#### Directions:
Filter the material below down to the lines with the word "forall" and give those lines.

#### Records provided:
lemma H_in_1ins_eq:
  assumes "y \<in> seqs q (Suc n)"
  shows "H_in_1ins q n y = log 2 (Suc n) - sum_list (map nlogn (run_lengths y)) / Suc n"
proof -
  define m :: real where "m = Suc n"
  have "0 < m"
    by (simp add: m_def)
  have summand: "(let p = posterior q n y x in if p = 0 then 0 else p * log 2 p)
      = (nlogn (del_count y x) - del_count y x * log 2 m) / m" if "x \<in> seqs q n" for x
  proof -
    have "posterior q n y x = del_count y x / m"
      using posterior_eq_del_count[OF assms that] by (simp add: m_def)
    then show ?thesis
      using \<open>0 < m\<close>
      by (cases "del_count y x = 0") (simp_all add: nlogn_def log_divide diff_divide_distrib right_diff_distrib)
  qed
  have "H_in_1ins q n y = - (\<Sum>x\<in>seqs q n. (nlogn (del_count y x) - del_count y x * log 2 m) / m)"
    unfolding H_in_1ins_def by (simp add: summand)
  also have "\<dots> = ((\<Sum>x\<in>seqs q n. real (del_count y x)) * log 2 m
                      - (\<Sum>x\<in>seqs q n. nlogn (del_count y x))) / m"
    by (simp add: sum_divide_distrib[symmetric] sum_subtractf sum_distrib_right diff_divide_distrib)
  also have "(\<Sum>x\<in>seqs q n. nlogn (del_count y x)) = sum_list (map nlogn (run_lengths y))"
    using assms by (rule sum_seqs_del_count) (simp add: nlogn_def)
  also have "(\<Sum>x\<in>seqs q n. real (del_count y x)) = m"
    using sum_seqs_del_count_eq[OF assms] unfolding m_def .
  finally show ?thesis
    using \<open>0 < m\<close> unfolding m_def by (simp add: field_simps)
qed

section \<open>Convexity of n log n\<close>

definition chord_slope :: "real \<Rightarrow> real" where
  "chord_slope x = x * ln x / (x - 1)"

lemma chord_slope_less_succ:
  fixes x :: real
  assumes "1 < x"
  shows "chord_slope x < chord_slope (x + 1)"
proof -
  have "ln x < x - 1"
    using ln_add_one_self_less_self[of "x - 1"] assms by simp
  then have "x * x * ln x < (x * x - 1) * ln x + (x - 1)"
    by (simp add: algebra_simps)
  also have "\<dots> = (x * x - 1) * (ln x + 1 / (x + 1))"
    using assms by (simp add: field_simps)
  also have "\<dots> \<le> (x * x - 1) * ln (x + 1)"
  proof (rule mult_left_mono)
    show "ln x + 1 / (x + 1) \<le> ln (x + 1)"
      using ln_diff_le[of x "x + 1"] assms by (simp add: diff_divide_distrib)
    show "0 \<le> x * x - 1"
      using assms mult_strict_mono[of 1 x 1 x] by simp
  qed
  \<comment> \<open>this is the claim multiplied by x (x - 1) > 0\<close>
  finally show ?thesis
    using assms unfolding chord_slope_def by (simp add: divide_less_eq field_simps)
qed

lemma chord_slope_strict_mono:
  fixes a b :: nat
  assumes "2 \<le> a" "a < b"
  shows "chord_slope a < chord_slope b"
proof -
  have step: "chord_slope (real k + 2) < chord_slope (real (Suc k) + 2)" for k
  proof -
    have "real (Suc k) + 2 = (real k + 2) + 1"
      by simp
    then show ?thesis
      using chord_slope_less_succ[of "real k + 2"] by simp
  qed
  have "chord_slope (real (a - 2) + 2) < chord_slope (real (b - 2) + 2)"
    using assms by (intro lift_Suc_mono_less[where f = "\<lambda>k. chord_slope (real k + 2)", OF step]) simp
  moreover have "real (a - 2) + 2 = real a" "real (b - 2) + 2 = real b"
    using assms by (simp_all add: of_nat_diff)
  ultimately show ?thesis
    by simp
qed

(* Also for r = 0 and r = 1, where the junk value x / 0 = 0 appears on the right. *)
lemma nlogn_eq_chord_slope: "nlogn r = (real r - 1) * chord_slope r / ln 2"
  by (cases "r = 1") (simp_all add: nlogn_def chord_slope_def log_def)

lemma nlogn_add_le:
  assumes "0 < a" "0 < b"
  shows "nlogn a + nlogn b \<le> nlogn (a + b - 1)"
    and "nlogn a + nlogn b = nlogn (a + b - 1) \<Longrightarrow> a = 1 \<or> b = 1"
proof -
  have strict: "nlogn a + nlogn b < nlogn (a + b - 1)" if "2 \<le> a" "2 \<le> b"
  proof -
    let ?c = "a + b - 1"
    have "chord_slope a < chord_slope ?c" "chord_slope b < chord_slope ?c"
      using that by (intro chord_slope_strict_mono; simp)+
    then have "(real a - 1) * chord_slope a + (real b - 1) * chord_slope b
        < (real a - 1) * chord_slope ?c + (real b - 1) * chord_slope ?c"
      using that by (intro add_strict_mono mult_strict_left_mono) auto
    also have "\<dots> = (real ?c - 1) * chord_slope ?c"
      using that by (simp add: of_nat_diff algebra_simps)
    finally have "(real a - 1) * chord_slope a + (real b - 1) * chord_slope b
        < (real ?c - 1) * chord_slope ?c" .
    then show ?thesis
      unfolding nlogn_eq_chord_slope by (simp add: add_divide_distrib[symmetric] divide_strict_right_mono)
  qed
  have trivial: "nlogn a + nlogn b = nlogn (a + b - 1)" if "a = 1 \<or> b = 1"
    using that by auto
  consider "a = 1 \<or> b = 1" | "2 \<le> a" "2 \<le> b"
    using assms by linarith
  then show "nlogn a + nlogn b \<le> nlogn (a + b - 1)"
    by cases (use trivial strict in force)+
  show "a = 1 \<or> b = 1" if "nlogn a + nlogn b = nlogn (a + b - 1)"
  proof (rule ccontr)
    assume "\<not> (a = 1 \<or> b = 1)"
    then have "2 \<le> a" "2 \<le> b"
      using assms by linarith+
    then show False
      using strict that by linarith
  qed
qed

lemma length_le_sum_list: "\<forall>r\<in>set rs. 0 < r \<Longrightarrow> length rs \<le> sum_list (rs :: nat list)"
  by (induction rs) auto

lemma sum_list_eq_length_imp_all_one:
  fixes rs :: "nat list"
  assumes "\<forall>r\<in>set rs. 0 < r" "sum_list rs = length rs"
  shows "\<forall>r\<in>set rs. r = 1"
  using assms
proof (induction rs)
  case (Cons r rs)
  then show ?case
    using length_le_sum_list[of rs] by auto
qed simp

lemma sum_list_nlogn_le:
  assumes "\<forall>r\<in>set rs. 0 < r"
  shows "sum_list (map nlogn rs) \<le> nlogn (sum_list rs - length rs + 1)"
  using assms
proof (induction rs)
  case Nil
  then show ?case by simp
next
  case (Cons r rs)
  let ?S = "sum_list rs - length rs + 1"
  have "sum_list (map nlogn (r # rs)) \<le> nlogn r + nlogn ?S"
    using Cons by simp
  also have "\<dots> \<le> nlogn (r + ?S - 1)"
    using Cons.prems by (intro nlogn_add_le) auto
  also have "r + ?S - 1 = sum_list (r # rs) - length (r # rs) + 1"
    using length_le_sum_list[of rs] Cons.prems by (simp; arith)
  finally show ?case .
qed
lemma nn_integral_tail_region_le:
  fixes \<alpha> R e t K \<theta> :: real
  assumes R: "0 < R" and \<alpha>: "0 < \<alpha>" and e: "0 < e" "e \<le> 1" and K: "0 \<le> K" and t: "phi R R \<le> t"
  shows "(\<integral>\<^sup>+r. polar_density K \<alpha> R (r, \<theta>) * indicator (tail_region \<alpha> R e t) (r, \<theta>) \<partial>lborel)
           \<le> ennreal (2 * 8 powr \<alpha> * K / (\<alpha> * e) * \<bar>\<theta>\<bar> powr - (2 * \<alpha>))
               * indicator {\<theta>. t \<le> \<bar>\<theta>\<bar> \<and> \<bar>\<theta>\<bar> \<le> pi / 2} \<theta>"
proof (cases "t < \<bar>\<theta>\<bar> \<and> \<bar>\<theta>\<bar> < pi / 2")
  case True
  then have \<theta>: "phi R R < \<bar>\<theta>\<bar>" "\<bar>\<theta>\<bar> < pi / 2" "\<theta> \<noteq> 0"
    using t cos_phi(2)[OF R _ order.refl] R by auto
  have "\<theta>\<^sup>2 = \<bar>\<theta>\<bar> powr 2" using \<theta>(3) by (simp add: powr_numeral)
  then have "(\<theta>\<^sup>2) powr \<alpha> = \<bar>\<theta>\<bar> powr (2 * \<alpha>)" by (simp only: powr_powr mult.commute)
  then have powr_sq: "(\<theta>\<^sup>2 / 8) powr \<alpha> = \<bar>\<theta>\<bar> powr (2 * \<alpha>) / 8 powr \<alpha>"
    by (simp add: powr_divide)
  note r_tilde = r_tilde_props[OF R \<alpha> _ e(2) \<theta>(1,2)] phi_inv_strict_bounds[OF R \<theta>(1,2)]
  have "(\<integral>\<^sup>+r. polar_density K \<alpha> R (r, \<theta>) * indicator (tail_region \<alpha> R e t) (r, \<theta>) \<partial>lborel)
      = (\<integral>\<^sup>+r. ennreal (K * sinh (\<alpha> * r)) * indicator {0..r_tilde \<alpha> R e \<theta>} r \<partial>lborel)"
    using True \<theta> r_tilde e t
    by (intro nn_integral_cong) (auto simp: polar_density_def tail_region_def indicator_def)
  also have "\<dots> = ennreal (K * (cosh (\<alpha> * r_tilde \<alpha> R e \<theta>) - 1) / \<alpha>)"
    using r_tilde e \<alpha> K by (intro nn_integral_sinh_Icc) auto
  also have "\<dots> \<le> ennreal (K * (2 / (e * (\<theta>\<^sup>2 / 8) powr \<alpha>)) / \<alpha>)"
    using cosh_r_tilde_le[OF R \<alpha> e \<theta>(1,2)] K \<alpha>
    by (intro ennreal_leI divide_right_mono mult_left_mono) auto
  also have "K * (2 / (e * (\<theta>\<^sup>2 / 8) powr \<alpha>)) / \<alpha> = 2 * 8 powr \<alpha> * K / (\<alpha> * e) * \<bar>\<theta>\<bar> powr - (2 * \<alpha>)"
    using e \<alpha> unfolding powr_sq by (simp add: powr_minus field_simps)
  finally show ?thesis using True by simp
next
  case False
  then have "(\<lambda>r. polar_density K \<alpha> R (r, \<theta>) * indicator (tail_region \<alpha> R e t) (r, \<theta>)) = (\<lambda>_. 0)"
    by (auto simp: indicator_def tail_region_def)
  then show ?thesis by simp
qed

lemma emeasure_tail_region_le:
  fixes \<alpha> R e t K :: real
  assumes R: "0 < R" and \<alpha>: "1 / 2 < \<alpha>" and e: "0 < e" "e \<le> 1" and K: "0 \<le> K"
    and t: "phi R R \<le> t" "0 < t" "t \<le> pi / 2"
  shows "emeasure (density lborel (polar_density K \<alpha> R)) (tail_region \<alpha> R e t)
           \<le> ennreal (4 * 8 powr \<alpha> * K * t powr (1 - 2 * \<alpha>) / (\<alpha> * e * (2 * \<alpha> - 1)))"
proof -
  define c where "c = 2 * 8 powr \<alpha> * K / (\<alpha> * e)"
  have "0 < \<alpha>" "0 \<le> c" using \<alpha> e K by (simp_all add: c_def)
  have "emeasure (density lborel (polar_density K \<alpha> R)) (tail_region \<alpha> R e t)
      \<le> (\<integral>\<^sup>+\<theta>. ennreal (c * \<bar>\<theta>\<bar> powr - (2 * \<alpha>)) * indicator {\<theta>. t \<le> \<bar>\<theta>\<bar> \<and> \<bar>\<theta>\<bar> \<le> pi / 2} \<theta> \<partial>lborel)"
    unfolding emeasure_polar_density[OF tail_region_sets] c_def
    using nn_integral_tail_region_le[OF R \<open>0 < \<alpha>\<close> e K t(1)] by (intro nn_integral_mono)
  also have "\<dots> \<le> ennreal (2 * (c * t powr (1 - 2 * \<alpha>) / (2 * \<alpha> - 1)))"
    using \<alpha> t \<open>0 \<le> c\<close> by (intro nn_integral_abs_powr_le) auto
  also have "2 * (c * t powr (1 - 2 * \<alpha>) / (2 * \<alpha> - 1))
               = 4 * 8 powr \<alpha> * K * t powr (1 - 2 * \<alpha>) / (\<alpha> * e * (2 * \<alpha> - 1))"
    by (simp add: c_def field_simps)
  finally show ?thesis .
qed

section \<open>Asymptotic estimates\<close>

definition half_width :: "real \<Rightarrow> real \<Rightarrow> nat \<Rightarrow> real \<Rightarrow> real \<Rightarrow> real" where
  "half_width \<nu> \<alpha> n \<kappa> s = phi (hypR \<nu> n) (hypR \<nu> n) + \<kappa> * phi_s \<alpha> (hypR \<nu> n) s"
(* Let $(A,m,i)$ be a monoid in $\mathcal V$, let $(M,\mu,\nu)$ be an $A$-bimodule, and let $d\colon A\to M$ be a morphism in $\mathcal V$ satisfying the Leibniz rule $d\circ m = d\cdot 1_A + 1_A\cdot d$ (as morphisms $A\otimes A\to M$). Then the following are equivalent: (i) $1_A\cdot d=\mu\circ(1_A\otimes d)\colon A\otimes A\to M$ is an epimorphism in $\mathcal V$; (ii) $d\cdot 1_A=\nu\circ(d\otimes 1_A)\colon A\otimes A\to M$ is an epimorphism in $\mathcal V$; (iii) $1_A\cdot d\cdot 1_A\colon A\otimes A\otimes A\to M$ is an epimorphism in $\mathcal V$.
   Context: $\mathcal V$ is a monoidal additive category: a monoidal category which is $\mathbf{Ab}$-enriched with finite biproducts, whose tensor product is additive in each variable, and which has finite limits and colimits. A monoid $(A,m,i)$ in $\mathcal V$ has multiplication $m\colon A\otimes A\to A$ and unit $i\colon I\to A$. An $A$-bimodule $(M,\mu,\nu)$ has left action $\mu\colon A\otimes M\to M$ and right action $\nu\colon M\otimes A\to M$, each satisfying associativity and unit axioms, and compatible with each other. Notation: for morphisms $f\colon X\to M$ and $g\colon Y\to A$, $g\cdot f:=\mu\circ(g\otimes f)\colon Y\otimes X\to M$ and $f\cdot g:=\nu\circ(f\otimes g)$; $1_A\cdot d\cdot 1_A$ denotes the morphism $A\otimes A\otimes A\to M$ obtained by applying $d$ to the middle factor and then both actions (associators suppressed). *)

theory Defs
  imports Main
begin

text \<open>Objects have type 'o, morphisms type 'm; the actual objects and
morphisms form the carriers Obj and Arr.  Composition Comp g f is "g after f".
Operations are total functions, only meaningful on the carriers.\<close>

record ('o, 'm) moncat =
  Obj   :: "'o set"
  Arr   :: "'m set"
  Dom   :: "'m \<Rightarrow> 'o"
  Cod   :: "'m \<Rightarrow> 'o"
  Ide   :: "'o \<Rightarrow> 'm"
  Comp  :: "'m \<Rightarrow> 'm \<Rightarrow> 'm"
  Zm    :: "'o \<Rightarrow> 'o \<Rightarrow> 'm"
  Add   :: "'m \<Rightarrow> 'm \<Rightarrow> 'm"
  Neg   :: "'m \<Rightarrow> 'm"
  TOb   :: "'o \<Rightarrow> 'o \<Rightarrow> 'o"
  Tens  :: "'m \<Rightarrow> 'm \<Rightarrow> 'm"
  Unit  :: "'o"
  Assoc :: "'o \<Rightarrow> 'o \<Rightarrow> 'o \<Rightarrow> 'm"
  LUnit :: "'o \<Rightarrow> 'm"
  RUnit :: "'o \<Rightarrow> 'm"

#### Solution for this exercise:
lemma length_le_sum_list: "\<forall>r\<in>set rs. 0 < r \<Longrightarrow> length rs \<le> sum_list (rs :: nat list)"
  assumes "\<forall>r\<in>set rs. 0 < r" "sum_list rs = length rs"
  shows "\<forall>r\<in>set rs. r = 1"
  assumes "\<forall>r\<in>set rs. 0 < r"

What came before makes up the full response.